Question: Who is Julia Collins?

To be fair, anyone who watches contestants go egghead-to-egghead on the show wouldn't be surprised if any one of them made the prediction.

But Collins has made good on her prediction, and then some.

She earned her 18th consecutive victory on Wednesday, bringing her total winnings to $391,600, according to the “Jeopardy!” website. That also makes her the show's third-winningest contestant.

Collins will seek her 19th win against two new contestants Thursday; the episode airs locally at 2:30 p.m. on ABC 7. If she does claim a 19th victory, she would be tied for second place in all-time consecutive wins, the “Jeopardy!” website said.

On the episode that aired Tuesday, the 31-year-old resident of Wilmette became the third person in “Jeopardy!” history to win as many as 17 consecutive nontournament games, earning her a total of $372,700 and making her the show's winningest woman.

“I went into this feeling like I could win a show and put in a good effort ... but this, it's kind of a daydream come true,” Collins said Tuesday.

Collins' appearances on the show also answer another question all but her closest friends and family who watched some of the shows being taped had about why she didn't seem stressed about quitting her consulting job or in a hurry to find work.

“I did a lot of hemming and hawing about why I was less aggressive than I could have been,” said Collins, explaining that she was prohibited by the show from talking about the program at all between mid-January, when she started taping them, and April, when they started to air, or the $10,000 to $35,000 she was winning a day.
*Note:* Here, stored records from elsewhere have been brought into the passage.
lemma X_tail_subset_subbase:
  assumes P_disj: "\<And>i j. i \<noteq> j \<Longrightarrow> P i \<inter> P j = {}"
    and "s \<in> X_subbase r P f" "None \<in> s"
  shows "\<exists>F G. finite F \<and> finite G \<and> X_tail r P F G \<subseteq> s"
  using assms(2,3)
proof (cases rule: X_subbase_cases)
  case (column j)
  have "X_tail r P {j} {} \<subseteq> s"
    unfolding column X_tail_def using P_disj by blast
  then show ?thesis by (intro exI[of _ "{j}"] exI[of _ "{}"]) simp
next
  case (level \<gamma>)
  have "X_tail r P {} {\<gamma>} \<subseteq> s"
    unfolding level X_tail_def by blast
  then show ?thesis by (intro exI[of _ "{}"] exI[of _ "{\<gamma>}"]) simp
qed

lemma X_space_nhds_None:
  assumes P_disj: "\<And>i j. i \<noteq> j \<Longrightarrow> P i \<inter> P j = {}"
    and "openin (X_space r P f) W" "None \<in> W"
  shows "\<exists>F G. finite F \<and> finite G \<and> X_tail r P F G \<subseteq> W"
proof -
  have "generate_topology_on (X_subbase r P f) W"
    using assms(2) unfolding openin_X_space_iff .
  then have "None \<in> W \<longrightarrow> (\<exists>F G. finite F \<and> finite G \<and> X_tail r P F G \<subseteq> W)"
  proof (induction rule: generate_topology_on.induct)
    case Empty
    then show ?case by simp
  next
    case (Int a b)
    show ?case
    proof
      assume "None \<in> a \<inter> b"
      then obtain F1 G1 F2 G2 where "finite F1" "finite G1" "finite F2" "finite G2"
        and "X_tail r P F1 G1 \<subseteq> a" "X_tail r P F2 G2 \<subseteq> b"
        using Int.IH by (meson IntD1 IntD2)
      moreover have "X_tail r P (F1 \<union> F2) (G1 \<union> G2) \<subseteq> X_tail r P F1 G1"
        "X_tail r P (F1 \<union> F2) (G1 \<union> G2) \<subseteq> X_tail r P F2 G2"
        by (simp_all add: X_tail_mono)
      ultimately show "\<exists>F G. finite F \<and> finite G \<and> X_tail r P F G \<subseteq> a \<inter> b"
        by (intro exI[of _ "F1 \<union> F2"] exI[of _ "G1 \<union> G2"]) auto
    qed
  next
    case (UN K)
    show ?case
    proof
      assume "None \<in> \<Union>K"
      then obtain w where "w \<in> K" "None \<in> w" by blast
      with UN.IH obtain F G where "finite F" "finite G" "X_tail r P F G \<subseteq> w"
        by meson
      with \<open>w \<in> K\<close> show "\<exists>F G. finite F \<and> finite G \<and> X_tail r P F G \<subseteq> \<Union>K"
        by (intro exI[of _ F] exI[of _ G]) auto
    qed
  next
    case (Basis s)
    then show ?case by (intro impI X_tail_subset_subbase[OF P_disj])
  qed
  then show ?thesis using assms(3) by (rule mp)
qed

definition column_above :: "(nat \<Rightarrow> nat set) \<Rightarrow> (nat \<Rightarrow> nat) \<Rightarrow> nat option
    \<Rightarrow> (nat \<times> 'a) option set" where "column_above P h y =
    (case y of None \<Rightarrow> {None} | Some n \<Rightarrow> Some ` ({k \<in> P (h n). n < k} \<times> UNIV))"

lemma lsc_column_above:
  assumes omega1: "is_omega1 r"
    and P_inf: "\<And>i. infinite (P i)"
    and P_disj: "\<And>i j. i \<noteq> j \<Longrightarrow> P i \<inter> P j = {}"
    and ult: "is_ultrafilter U"
    and fibres: "\<And>c. h -` {c} \<notin> U"
  shows "lsc (Y_space U) (X_space r P f) (column_above P h)"
proof -
  have filt: "is_filter U" using ult unfolding is_ultrafilter_def by blast
  have nonempty: "column_above P h y \<noteq> {}" for y
    using P_inf by (cases y) (auto simp: column_above_def infinite_nat_iff_unbounded)
  have closed: "closedin (X_space r P f) (column_above P h y)" for y
  proof (cases y)
    case None
    then show ?thesis by (simp add: column_above_def closedin_X_space_None)
  next
    case (Some n)
    then show ?thesis
      unfolding column_above_def by (auto intro!: closedin_X_space_column[where j = "h n"])
  qed
  have "{n. column_above P h (Some n) \<inter> W \<noteq> {}} \<in> U"
    if W: "openin (X_space r P f) W" "None \<in> W" for W :: "(nat \<times> 'a) option set"
  proof -
    obtain F G where "finite F" "finite G" and tail: "X_tail r P F G \<subseteq> W"
      using X_space_nhds_None[OF P_disj W] by blast
    obtain \<beta> where \<beta>: "\<forall>\<alpha>\<in>G. \<beta> \<notin> Order_Relation.underS r \<alpha>"
      using omega1_above_finite[OF omega1 \<open>finite G\<close>] by blast
    have "column_above P h (Some n) \<inter> W \<noteq> {}" if "h n \<notin> F" for n
    proof -
      obtain k where "k \<in> P (h n)" "n < k"
        using P_inf[of "h n"] by (auto simp: infinite_nat_iff_unbounded)
      with \<beta> \<open>h n \<notin> F\<close> have "Some (k, \<beta>) \<in> X_tail r P F G"
        unfolding X_tail_def by blast
      moreover have "Some (k, \<beta>) \<in> column_above P h (Some n)"
        using \<open>k \<in> P (h n)\<close> \<open>n < k\<close> by (simp add: column_above_def)
      ultimately show ?thesis using tail by blast
    qed
    then have "{n. h n \<notin> F} \<subseteq> {n. column_above P h (Some n) \<inter> W \<noteq> {}}" by blast
    moreover have "{n. h n \<notin> F} \<in> U"
      using ultrafilter_avoids_finitely_many_fibres[OF ult fibres \<open>finite F\<close>] .
    ultimately show ?thesis using filt unfolding is_filter_def by blast
  qed
  then have "openin (Y_space U) {y \<in> topspace (Y_space U). column_above P h y \<inter> W \<noteq> {}}"
    if "openin (X_space r P f) W" for W
    using that by (simp add: openin_Y_space[OF filt] topspace_Y_space[OF filt] column_above_def)
  with nonempty closed show ?thesis unfolding lsc_def by blast
qed

lemma selection_column_above_finite_to_one:
  assumes omega1: "is_omega1 r"
    and filt: "is_filter U"
    and cont: "continuous_map (Y_space U) (X_space r P f) s"
    and sel: "\<And>y. s y \<in> column_above P h y"
  obtains A where "A \<in> U" and "\<And>m. finite {n\<in>A. h n = m}"
proof -
  have "s None = None" using sel[of None] by (simp add: column_above_def)
  define k where "k n = fst (the (s (Some n)))" for n
  define \<beta> where "\<beta> n = snd (the (s (Some n)))" for n
  have s: "s (Some n) = Some (k n, \<beta> n)" and k: "k n \<in> P (h n)" "n < k n" for n
    using sel[of "Some n"] by (auto simp: column_above_def k_def \<beta>_def)
  have "countable (range \<beta>)" by simp
  then obtain \<alpha> where \<alpha>: "range \<beta> \<subseteq> Order_Relation.underS r \<alpha>"
    by (rule omega1_countable_bounded[OF omega1])
  let ?V = "UNIV - Some ` (Zset P (f \<alpha>) \<times> Order_Relation.underS r \<alpha>)"
  let ?A = "{n. s (Some n) \<in> ?V}"
  have "openin (X_space r P f) ?V" by (rule openin_X_subbase) (auto simp: X_subbase_def)
  then have "openin (Y_space U) {y \<in> topspace (Y_space U). s y \<in> ?V}"
    using cont by (rule openin_continuous_map_preimage[rotated])
  with \<open>s None = None\<close> have "?A \<in> U"
    unfolding openin_Y_space[OF filt] topspace_Y_space[OF filt] by simp
  moreover have "n < f \<alpha> (h n)" if "n \<in> ?A" for n
  proof -
    from that \<alpha> have "k n \<notin> Zset P (f \<alpha>)" by (auto simp: s)
    then have "k n \<le> f \<alpha> (h n)" using k(1) unfolding Zset_def by (auto simp: not_less)
    with k(2)[of n] show ?thesis by simp
  qed
  then have "{n\<in>?A. h n = m} \<subseteq> {..< f \<alpha> m}" for m by auto
  then have "finite {n\<in>?A. h n = m}" for m by (meson finite_lessThan finite_subset)
  ultimately show thesis using that by blast
qed

theorem mainTheorem5:
  fixes r :: "('a \<times> 'a) set" and f :: "'a \<Rightarrow> nat \<Rightarrow> nat" and P :: "nat \<Rightarrow> nat set"
  assumes omega1: "is_omega1 r"
    and d_omega1: "dominating_number_is_omega1 TYPE('a)"
    and incr: "\<And>\<alpha> \<beta>. (\<alpha>, \<beta>) \<in> r \<Longrightarrow> \<alpha> \<noteq> \<beta> \<Longrightarrow> less_star (f \<alpha>) (f \<beta>)"
    and dom: "\<And>g. \<exists>\<alpha>. less_star g (f \<alpha>)"
    and P_inf: "\<And>i. infinite (P i)"
    and P_disj: "\<And>i j. i \<noteq> j \<Longrightarrow> P i \<inter> P j = {}"
    and P_cover: "(\<Union>i. P i) = UNIV"
  shows "\<forall>U. is_ultrafilter U \<and> \<not> P_point U \<longrightarrow> \<not> U_selective (X_space r P f) U"
proof (intro allI impI notI, elim conjE)
  fix U assume ult: "is_ultrafilter U" and not_P: "\<not> P_point U"
    and sel: "U_selective (X_space r P f) U"
  have filt: "is_filter U" using ult unfolding is_ultrafilter_def by blast
  obtain h :: "nat \<Rightarrow> nat" where fibres: "\<And>c. h -` {c} \<notin> U"
    and not_finite_to_one: "\<And>A. A \<in> U \<Longrightarrow> \<exists>m. infinite {n\<in>A. h n = m}"
    using not_P_point_witness[OF ult not_P] by blast
  have "lsc (Y_space U) (X_space r P f) (column_above P h)"
    using lsc_column_above[OF omega1 P_inf P_disj ult fibres] .
  then obtain s where cont: "continuous_map (Y_space U) (X_space r P f) s"
    and selects: "\<forall>y\<in>topspace (Y_space U). s y \<in> column_above P h y"
    using sel unfolding U_selective_def selective_def by blast
  from selects have selects': "s y \<in> column_above P h y" for y
    by (simp add: topspace_Y_space[OF filt])
  obtain A where "A \<in> U" "\<And>m. finite {n\<in>A. h n = m}"
    using selection_column_above_finite_to_one[OF omega1 filt cont selects'] by blast
  with not_finite_to_one show False by blast
qed

end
Sworn to secrecy about shows that haven't aired, she wouldn't say if she gets her 19th win on Thursday's show.

Her chuckle, however, suggests she hasn't caught the all-time winningest contestant, Ken Jennings, who won 74 straight games.
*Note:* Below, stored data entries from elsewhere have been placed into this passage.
lemma fine_number_pos:
  assumes "d > 0" "full_dim d P"
  shows "fine_number d P > 0"
proof -
  have "1 / real (card V) \<le> fine_number d P"
    using le_fine_number[OF assms(1) one_div_card_in_fine_levels[OF assms(2)]] .
  moreover have "1 / real (card V) > 0" using finite_V V_nonempty by (simp add: card_gt_0_iff)
  ultimately show ?thesis by linarith
qed

end

section \<open>Prisms\<close>

lemma dot_Suc: "dot (Suc d) c x = dot d c x + c d * x d"
  by (simp add: dot_def)

lemma dot_upd_last: "dot d c (x(d := t)) = dot d c x"
  unfolding dot_def by (rule sum.cong) auto

lemma dot_cong: "(\<And>i. i < d \<Longrightarrow> c i = c' i) \<Longrightarrow> dot d c x = dot d c' x"
  unfolding dot_def by (rule sum.cong) auto

lemma pairing_Suc: "pairing (Suc d) a x = pairing d a x + real_of_int (a d) * x d"
  by (simp add: pairing_def)

lemma pairing_upd_last: "pairing d a (x(d := t)) = pairing d a x"
  by (simp add: pairing_eq_dot dot_upd_last)

lemma pairing_Suc_upd: "pairing (Suc d) a (x(d := t)) = pairing d a x + real_of_int (a d) * t"
  by (simp add: pairing_eq_dot dot_Suc dot_upd_last)

lemma pairing_cong: "(\<And>i. i < d \<Longrightarrow> a i = a' i) \<Longrightarrow> pairing d a x = pairing d a' x"
  unfolding pairing_eq_dot by (rule dot_cong) simp

text \<open>The convex hull of \<open>prism d V m\<close> is \<open>conv V \<times> [0, m]\<close>, the new coordinate being \<open>d\<close>.\<close>
definition prism :: "nat \<Rightarrow> (nat \<Rightarrow> real) set \<Rightarrow> real \<Rightarrow> (nat \<Rightarrow> real) set" where
  "prism d V m = (\<lambda>(w, t). w(d := t)) ` (V \<times> {0, m})"

lemma prism_memI: "w \<in> V \<Longrightarrow> t \<in> {0, m} \<Longrightarrow> w(d := t) \<in> prism d V m"
  unfolding prism_def by force

lemma finite_prism: "finite V \<Longrightarrow> finite (prism d V m)"
  by (simp add: prism_def)

lemma prism_nonempty: "V \<noteq> {} \<Longrightarrow> prism d V m \<noteq> {}"
  by (simp add: prism_def)

lemma prism_memE:
  assumes "v \<in> prism d V m"
  obtains w t where "w \<in> V" "t \<in> {0, m}" "v = w(d := t)"
  using assms unfolding prism_def by auto

context lattice_hull
begin

lemma prism_lattice_hull:
  assumes "m \<in> \<int>"
  shows "lattice_hull (Suc d) (prism d V m)"
proof
  show "finite (prism d V m)" using finite_V by (rule finite_prism)
  show "prism d V m \<noteq> {}" using V_nonempty by (rule prism_nonempty)
  show "prism d V m \<subseteq> Zd (Suc d)"
  proof
    fix v assume "v \<in> prism d V m"
    then obtain w t where "w \<in> V" "t \<in> {0, m}" and v: "v = w(d := t)" by (rule prism_memE)
    then have "w \<in> Zd d" "t \<in> \<int>" using V_lattice assms by auto
    then show "v \<in> Zd (Suc d)" unfolding v by (simp add: Zd_def Rd_def)
  qed
qed

lemma full_dim_prism:
  assumes "full_dim d P" "m \<noteq> 0"
  shows "full_dim (Suc d) (conv (prism d V m))"
  unfolding full_dim_iff_dot
proof
  assume "\<exists>c b. (\<exists>i<Suc d. c i \<noteq> 0) \<and> (\<forall>x\<in>conv (prism d V m). dot (Suc d) c x = b)"
  then obtain c b where c: "\<exists>i<Suc d. c i \<noteq> 0"
    and const: "\<forall>x\<in>conv (prism d V m). dot (Suc d) c x = b" by blast
  have on_prism: "dot d c w + c d * t = b" if "w \<in> V" "t \<in> {0, m}" for w t
  proof -
    have "w(d := t) \<in> conv (prism d V m)"
      using conv_superset[OF finite_prism[OF finite_V]] prism_memI[OF that] by blast
    then have "dot (Suc d) c (w(d := t)) = b" using const by blast
    then show ?thesis by (simp add: dot_Suc dot_upd_last)
  qed
  obtain w0 where "w0 \<in> V" using V_nonempty by auto
  then have "c d = 0" using on_prism[of w0 0] on_prism[of w0 m] assms(2) by simp
  then have "\<forall>w\<in>V. dot d c w = b" using on_prism by fastforce
  then have "\<forall>x\<in>P. dot d c x = b" using dot_conv_eq by blast
  then have "\<not> (\<exists>i<d. c i \<noteq> 0)" using assms(1) unfolding full_dim_iff_dot by blast
  then have "\<forall>i<Suc d. c i = 0" using \<open>c d = 0\<close> by (simp add: less_Suc_eq)
  then show False using c by blast
qed

lemma fine_levels_prism_subset: "fine_levels (Suc d) (conv (prism d V m)) \<subseteq> fine_levels d P"
proof
  fix s assume "s \<in> fine_levels (Suc d) (conv (prism d V m))"
  then obtain x where x: "x \<in> fine_adjoint (Suc d) (conv (prism d V m)) s" and "s > 0"
    by (auto simp: fine_levels_def)
  have "x(d := 0) \<in> fine_adjoint d P s"
    unfolding fine_adjoint_def
  proof (intro CollectI conjI ballI impI)
    show "x(d := 0) \<in> Rd d" using x by (auto simp: fine_adjoint_def Rd_def)
    fix b assume b: "b \<in> dualZd d" "\<exists>i<d. b i \<noteq> 0"
    then have "b \<in> dualZd (Suc d)" "\<exists>i<Suc d. b i \<noteq> 0"
      by (auto simp: dualZd_def intro: less_SucI)
    then have "hP (Suc d) (conv (prism d V m)) b + s \<le> pairing (Suc d) b x"
      using x unfolding fine_adjoint_def by blast
    moreover obtain v where v: "v \<in> prism d V m" "hP (Suc d) (conv (prism d V m)) b = pairing (Suc d) b v"
      using hP_conv_attained[OF finite_prism[OF finite_V] prism_nonempty[OF V_nonempty]] by blast
    moreover obtain w t where "w \<in> V" "v = w(d := t)" using v(1) by (rule prism_memE)
    moreover have "b d = 0" using b(1) by (simp add: dualZd_def)
    ultimately have "hP d P b + s \<le> pairing d b x"
      using hP_conv_le[OF finite_V, of w d b] by (simp add: pairing_Suc pairing_upd_last)
    then show "hP d P b + s \<le> pairing d b (x(d := 0))" by (simp add: pairing_upd_last)
  qed
  then show "s \<in> fine_levels d P" using \<open>s > 0\<close> by (auto simp: fine_levels_def)
qed

lemma fine_adjoint_prism:
  assumes y: "y \<in> fine_adjoint d P s" and s: "0 < s" "2 * s \<le> m"
  shows "y(d := m / 2) \<in> fine_adjoint (Suc d) (conv (prism d V m)) s"
  unfolding fine_adjoint_def
proof (intro CollectI conjI ballI impI)
  show "y(d := m / 2) \<in> Rd (Suc d)" using y by (auto simp: fine_adjoint_def Rd_def)
  fix a assume a: "a \<in> dualZd (Suc d)" "\<exists>i<Suc d. a i \<noteq> 0"
  have hP_prism_le: "hP (Suc d) (conv (prism d V m)) a \<le> pairing d a w + real_of_int (a d) * t"
    if "w \<in> V" "t \<in> {0, m}" for w t
  proof -
    have "w(d := t) \<in> prism d V m" using that by (rule prism_memI)
    then have "hP (Suc d) (conv (prism d V m)) a \<le> pairing (Suc d) a (w(d := t))"
      by (rule hP_conv_le[OF finite_prism[OF finite_V]])
    then show ?thesis by (simp add: pairing_Suc_upd)
  qed
  have half_m: "s \<le> m / 2" using s by simp
  show "hP (Suc d) (conv (prism d V m)) a + s \<le> pairing (Suc d) a (y(d := m / 2))"
  proof (cases "\<exists>i<d. a i \<noteq> 0")
    case True
    have "a(d := 0) \<in> dualZd d" "\<exists>i<d. (a(d := 0)) i \<noteq> 0" using a(1) True by (auto simp: dualZd_def)
    then have y_above: "hP d P (a(d := 0)) + s \<le> pairing d (a(d := 0)) y"
      using y unfolding fine_adjoint_def by blast
    have same: "pairing d (a(d := 0)) z = pairing d a z" for z by (rule pairing_cong) simp
    obtain w where w: "w \<in> V" "hP d P (a(d := 0)) = pairing d (a(d := 0)) w"
      using hP_conv_attained[OF finite_V V_nonempty] by blast
    define t where "t = (if a d \<ge> 0 then 0 else m)"
    have t: "t \<in> {0, m}" by (simp add: t_def)
    have "real_of_int (a d) * t \<le> real_of_int (a d) * (m / 2)"
      using half_m s(1) by (auto simp: t_def mult_left_mono_neg)
    then show ?thesis
      using hP_prism_le[OF w(1) t] y_above w(2) by (simp add: same pairing_Suc_upd)
  next
    case False
    then have "a d \<noteq> 0" using a(2) less_Suc_eq by auto
    have p0: "pairing d a z = 0" for z using False unfolding pairing_def by simp
    obtain w0 where w0: "w0 \<in> V" using V_nonempty by auto
    consider "a d \<ge> 1" | "a d \<le> -1" using \<open>a d \<noteq> 0\<close> by linarith
    then show ?thesis
    proof cases
      case 1
      then have "1 * (m / 2) \<le> real_of_int (a d) * (m / 2)"
        using half_m s(1) by (intro mult_right_mono) auto
      then show ?thesis using hP_prism_le[OF w0, of 0] half_m by (simp add: p0 pairing_Suc_upd)
    next
      case 2
      then have "1 * (m / 2) \<le> - real_of_int (a d) * (m / 2)"
        using half_m s(1) by (intro mult_right_mono) auto
      then show ?thesis using hP_prism_le[OF w0, of m] half_m by (simp add: p0 pairing_Suc_upd)
    qed
  qed
qed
That's not to say she hasn't had plenty to say about the show. She has posted dozens of tweets about shows as they've aired, confessing she made a mathematical error when deciding how much she could bet on Final Jeopardy and still win with a wrong answer even if another contestant got it right.

She mentioned questions that as an art history major, she couldn't believe she got wrong, as well as one she got right, “Who was Lucian Freud?”

“I think Alex (Trebek) was impressed with that one,” she said.